Sunday, July 24, 2016

Links now link to searches in WikDict

Previously, clicking on a term in the dictionary results lead to the corresponding Wiktionary page. Feedback from users has shown that this is not a typical user's expectation. Now all linked terms lead to a search in WikDict using the clicked term as search text.
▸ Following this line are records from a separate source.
lemma gpop_diff_le:
  assumes "norm (\<theta> - \<theta>') \<le> \<delta>" "\<delta> > 0"
  shows "norm (gp \<theta> - gp \<theta>') \<le> 3 * fb * m\<^sup>2 * \<delta>"
proof -
  define near where "near = {\<omega>\<in>space M. \<bar>Y 0 \<omega> - W 0 \<omega> \<bullet> \<theta>'\<bar> \<le> m * \<delta>}"
  have [measurable]: "near \<in> events" unfolding near_def by measurable
  have "norm (gp \<theta> - gp \<theta>') = norm (expectation (\<lambda>\<omega>. moment \<theta> (obs 0 \<omega>) - moment \<theta>' (obs 0 \<omega>)))"
    by (simp add: gpop_eq_expectation integrable_moment)
  also have "\<dots> \<le> expectation (\<lambda>\<omega>. norm (moment \<theta> (obs 0 \<omega>) - moment \<theta>' (obs 0 \<omega>)))"
    by (rule integral_norm_bound)
  also have "\<dots> \<le> expectation (\<lambda>\<omega>. m * indicator near \<omega>)"
  proof (rule integral_mono_AE')
    show "integrable M (\<lambda>\<omega>. m * indicator near \<omega>)"
      by (intro integrable_mult_right) (simp add: integrable_indicator_iff emeasure_eq_measure)
    show "AE \<omega> in M. 0 \<le> m * indicator near \<omega>" using m_pos by simp
    show "AE \<omega> in M. norm (moment \<theta> (obs 0 \<omega>) - moment \<theta>' (obs 0 \<omega>)) \<le> m * indicator near \<omega>"
      using AE_space bndW bndZ
    proof eventually_elim
      case (elim \<omega>)
      have "norm (moment \<theta> (obs 0 \<omega>) - moment \<theta>' (obs 0 \<omega>)) = \<bar>(if Y 0 \<omega> \<le> W 0 \<omega> \<bullet> \<theta> then 1 else 0)
          - (if Y 0 \<omega> \<le> W 0 \<omega> \<bullet> \<theta>' then 1 else 0) :: real\<bar> * norm (Z 0 \<omega>)"
        by (simp add: moment_def obs_def scaleR_diff_left[symmetric])
      also have "\<dots> \<le> (if \<bar>Y 0 \<omega> - W 0 \<omega> \<bullet> \<theta>'\<bar> \<le> m * \<delta> then 1 else 0) * m"
        using elim assms abs_step_diff_le[of "W 0 \<omega>" m \<theta> \<theta>' \<delta> "Y 0 \<omega>"] by (intro mult_mono) auto
      also have "\<dots> = m * indicator near \<omega>"
        using elim by (simp add: near_def)
      finally show ?case .
    qed
  qed
  also have "\<dots> = m * prob near" by (simp add: near_def)
  also have "\<dots> \<le> m * (3 * fb * (m * \<delta>))"
    using prob_near_hyperplane[of "m * \<delta>" \<theta>'] m_pos assms unfolding near_def by (intro mult_left_mono) auto
  finally show ?thesis by (simp add: power2_eq_square mult_ac)
qed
The Wiktionary links can now be found in the side bar at the right instead. As always, feedback on this change is very welcome!

Sunday, April 24, 2016

Stemming support for English

All English entries are now searched using the Porter stemming algorithm, which means that more translations will be found if you use something different than the base form of word. The most common case is searching for a plural (e.g. "stoats") are getting a translation for the singular ("stoat"), even though the plural form does not appear anywhere in the data set.


Sunday, April 17, 2016

WikDict source code in Bitbucket

If you're interested in how WikDict works or you want to contribute any fixes or improvements, head straight to the WikDict Bitbucket page and have a look at the different parts of this project. If you need any help with one of the repositories, feel free to contact me for additional information.

Sunday, January 17, 2016

Filtering of HTML entities and tags

In some cases, HTML tags (<center>, <ref>, etc.) or entities (usually &nbsp;) remain in the data from dbnary, which is used as input material for WikDict. I'm now using a basic HTML parser to improve the handling of these cases.

Entities

From now on, all entities should be properly converted resulting in
Gerät für Turnübungen, auf einem Gestell befestigter 10 cm breiter und 5 m langer Holzbalken
instead of
Gerät für Turnübungen, auf einem Gestell befestigter 10&nbsp;cm breiter und 5&nbsp;m langer Holzbalken

 Stripped Tags

Most HTML tags will be ignored, leaving the text inside the tag untouched. However, some tags will be stripped including the content, since the tag content is not relevant for the translation. One such tag is <ref>, resulting in
  • „fiktives Land, in dem absurde Verhältnisse herrschen“ als sinnbildhafte Bezeichnung für „unverständliche (absurde) politische Situationen“, „bestimmte Verhältnisse[, die] nicht nachvollziehbar sind“, für „etwas völlig Absurdes“
instead of
  • „fiktives Land, in dem absurde Verhältnisse herrschen“<ref></ref> als sinnbildhafte Bezeichnung für „unverständliche (absurde) politische Situationen“<ref name="WP"></ref>, „bestimmte Verhältnisse[, die] nicht nachvollziehbar sind“<ref name="WP"/>, für „etwas völlig Absurdes“<ref>, Stichwort »absurd«, Seite 45.</ref>

Sub- and Superscripts

Special handling is done to sub- and superscript tags, where the content is converted to the corresponding Unicode characters in the most common cases. This makes beautiful chemical texts like
  • Organische Chemie: eine farblose, viskose Säure mit der Summenformel C₄H₆O₃
instead of
  • Organische Chemie: eine farblose, viskose Säure mit der Summenformel C<sub>4</sub>H<sub>6</sub>O<sub>3</sub>

Feedback

Did you find cases where the results of these changes are bad or there are obvious improvements possible? Let me know and I'll try to fix it.

Saturday, January 2, 2016

Word suggestions while typing

When searching in WikDict, you'll now get type-ahead suggestions for words.

This should make searching even faster and also help avoiding spelling errors for complicated words. The five most important words starting with the given text will be shown, according to a rough importance metric based on the number of translations into different languages.

As always, feedback is very welcome!